Ce lundi, 30 avril 2018 est journée fériée et chômée au Cameroun en raison de la journée internationale du travail qui se célèbre demain et de la journée d'hier, laquelle était non-ouvrable. Dans la sphère académique,

Des étudiants.

C’est une atmosphère moins colorée de vacarme qui règne dans la ville de Yaoundé. Des individus jonchent les trottoirs. Des commerçants ambulants  s’affairent à écouler leurs produits. Des véhicules circulent sur des artères moins embouteillées. Un regard rivé sur le campus de l’Institut Siantou supérieur(Iss) permet de constater la vacuité des salles de classe et les allées et venues des grappes d’étudiants occupés à réviser leurs cours pour les uns et à faire des cours de rattrapage pour les autres. Interrogés sur la perception des journées fériées dans l’environnement académique, des apprenants n’hésitent pas à les appréhender comme une période propice au développement des attitudes liées à la paresse et à l’oisiveté surtout en ce qui concerne les étudiants qui arpentent, pour la première fois, le sentier universitaire. Joseph Boyomo, étudiant en Électrotechnique, soutient: «Pour les étudiants de 1ere année, il y a plus une tendance à multiplier des comportements liés à la paresse puisque c’est un temps libre».

Bien que l’ethos de la paresse soit incrustré dans les mentalités des cop’s,  des étudiants de 2ème année en cycle Bts (filières confondues) ne dorment pas sur leurs lauriers tant ils s’attèlent à remédier à leurs lacunes dans des groupes d’études. «Les étudiants de 2ème année sont au moins consciencieux et se concentrent sur leurs études lors des jours fériés  sachant qu’ils préparent leurs examens en fin d’année», poursuit Roger Pouagal.

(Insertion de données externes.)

(* Let $\mathcal M$ be a Hilbert space of $\mathcal Y$-valued functions whose elements belong to $\mathcal H_{\mathcal Y}(k_d)$, and assume $\mathcal M$ is invariant under $M^*_{\lambda_j}$ for $j=1,\dots,d$. (1) If $\sum_{j=1}^d\|M^*_{\lambda_j}f\|^2_{\mathcal M}\le\|f\|^2_{\mathcal M}-\|f(0)\|^2_{\mathcal Y}$ for every $f\in\mathcal M$, then $\mathcal M=\operatorname{Ran}\widehat{\mathcal O}^{\mathbf a}_{C,\mathbf A}$ for a contractive pair $(C,\mathbf A)$ with $\mathbf A=(A_1,\dots,A_d)$ commutative which is exactly observable with respect to $\mathcal M$. In particular $\mathcal M$ is contractively included in $\mathcal H_{\mathcal Y}(k_d)$. (2) If $\sum_{j=1}^d\|M^*_{\lambda_j}f\|^2_{\mathcal M}=\|f\|^2_{\mathcal M}-\|f(0)\|^2_{\mathcal Y}$ for every $f\in\mathcal M$, then $\mathcal M=\operatorname{Ran}\widehat{\mathcal O}^{\mathbf a}_{C,\mathbf A}$ for an isometric pair $(C,\mathbf A)$ with $\mathbf A$ commutative which is exactly observable with respect to $\mathcal M$; $\mathcal M$ is contractively included in $\mathcal H_{\mathcal Y}(k_d)$, and it is isometrically included in $\mathcal H_{\mathcal Y}(k_d)$ if and only if $$\lim_{N\to\infty}\sum_{\mathbf n\in\mathbb Z^d_+,|\mathbf n|=N}\frac{N!}{\mathbf n!}\|(\mathbf M^*_{\boldsymbol\lambda})^{\mathbf n}f\|^2_{\mathcal M}=0\quad\text{for every }f\in\mathcal M.$$
   Context: For $\mathbf n\in\mathbb Z^d_+$: $|\mathbf n|=\sum n_k$, $\mathbf n!=\prod n_k!$, $\boldsymbol\lambda^{\mathbf n}=\prod\lambda_k^{n_k}$. Arveson space $\mathcal H_{\mathcal Y}(k_d)$: functions $\sum_{\mathbf n}f_{\mathbf n}\boldsymbol\lambda^{\mathbf n}$ on the unit ball $\mathbb B^d$ with $\|f\|^2=\sum_{\mathbf n}\frac{\mathbf n!}{|\mathbf n|!}\|f_{\mathbf n}\|^2_{\mathcal Y}<\infty$; $M_{\lambda_j}$: multiplication by $\lambda_j$ there; $M^*_{\lambda_j}$: its adjoint in $\mathcal H_{\mathcal Y}(k_d)$; $(\mathbf M^*_{\boldsymbol\lambda})^{\mathbf n}=(M^*_{\lambda_1})^{n_1}\cdots(M^*_{\lambda_d})^{n_d}$. For a commuting tuple $\mathbf A$ on a Hilbert space $\mathcal X$ and $C\in\mathcal L(\mathcal X,\mathcal Y)$, $\widehat{\mathcal O}^{\mathbf a}_{C,\mathbf A}x=\sum_{\mathbf n}\frac{|\mathbf n|!}{\mathbf n!}(C\mathbf A^{\mathbf n}x)\boldsymbol\lambda^{\mathbf n}=C(I-\sum_j\lambda_jA_j)^{-1}x$. Contractive pair: $C^*C+\sum_jA_j^*A_j\le I$; isometric: equality. "Exactly observable with respect to $\mathcal M$" means that $\widehat{\mathcal O}^{\mathbf a}_{C,\mathbf A}$, regarded as an operator from $\mathcal X$ into $\mathcal M$, is bounded and bounded below. $\mathcal M$ is contractively (resp. isometrically) included in $\mathcal H_{\mathcal Y}(k_d)$ if $\|f\|_{\mathcal H_{\mathcal Y}(k_d)}\le\|f\|_{\mathcal M}$ (resp. $=$) for $f\in\mathcal M$. *)

theory Defs
  imports "HOL-Analysis.Analysis"
begin

text \<open>The library only provides real inner product spaces.  A complex Hilbert space is
  modelled as a real Hilbert space (whose real inner product is the real part of the
  complex one) together with a complex scalar multiplication extending the real one and
  compatible with the norm; by polarization this is exactly a complex Hilbert space.\<close>

class chilbert = real_inner + complete_space +
  fixes scaleC :: "complex \<Rightarrow> 'a \<Rightarrow> 'a" (infixr "*\<^sub>C" 75)
  assumes scaleC_add_right: "a *\<^sub>C (x + y) = a *\<^sub>C x + a *\<^sub>C y"
    and scaleC_add_left: "(a + b) *\<^sub>C x = a *\<^sub>C x + b *\<^sub>C x"
    and scaleC_scaleC: "a *\<^sub>C (b *\<^sub>C x) = (a * b) *\<^sub>C x"
    and scaleC_one: "1 *\<^sub>C x = x"
    and scaleR_scaleC: "r *\<^sub>R x = complex_of_real r *\<^sub>C x"
    and norm_scaleC: "norm (a *\<^sub>C x) = cmod a * norm x"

Le mois de mai, dans l’imaginaire collectif, est cerné comme le mois des fériés. Le 1er mai, le 20 mai et le 3ème jeudi consacré à la célébration de la fête de l’ascension, symbole de l’élévation de Jésus-Christ au ciel, sont des journées fériées et chômées dans les secteurs publics et parapublics. Ces périodes mortes entraînent, sans conteste, une incidence sur la productivité et sur la rentabilité des opérateurs du secteur de la photocopie et de la sténodactylographie, giron fréquenté par la démographie estudiantine. C’est du moins ce que relève, avec une teinte d’aigreur, Jean Bertin Fodjeu: «Les journées fériées créent des conséquences néfastes, car il y a diminution du nombre d’étudiants et les revenus baissent de manière sensible au point où il y a une diminution des recettes». Malgré tout, ces acteurs ne lâchent pas prise et s’escriment à opter pour des méthodes subtiles consistant, du moins, à parer à toute éventualité. «Avec ces journées, nous sommes parfois obligés de jongler en se livrant à des activités parallèles, source de revenus», conclut J.B.Fodjeu.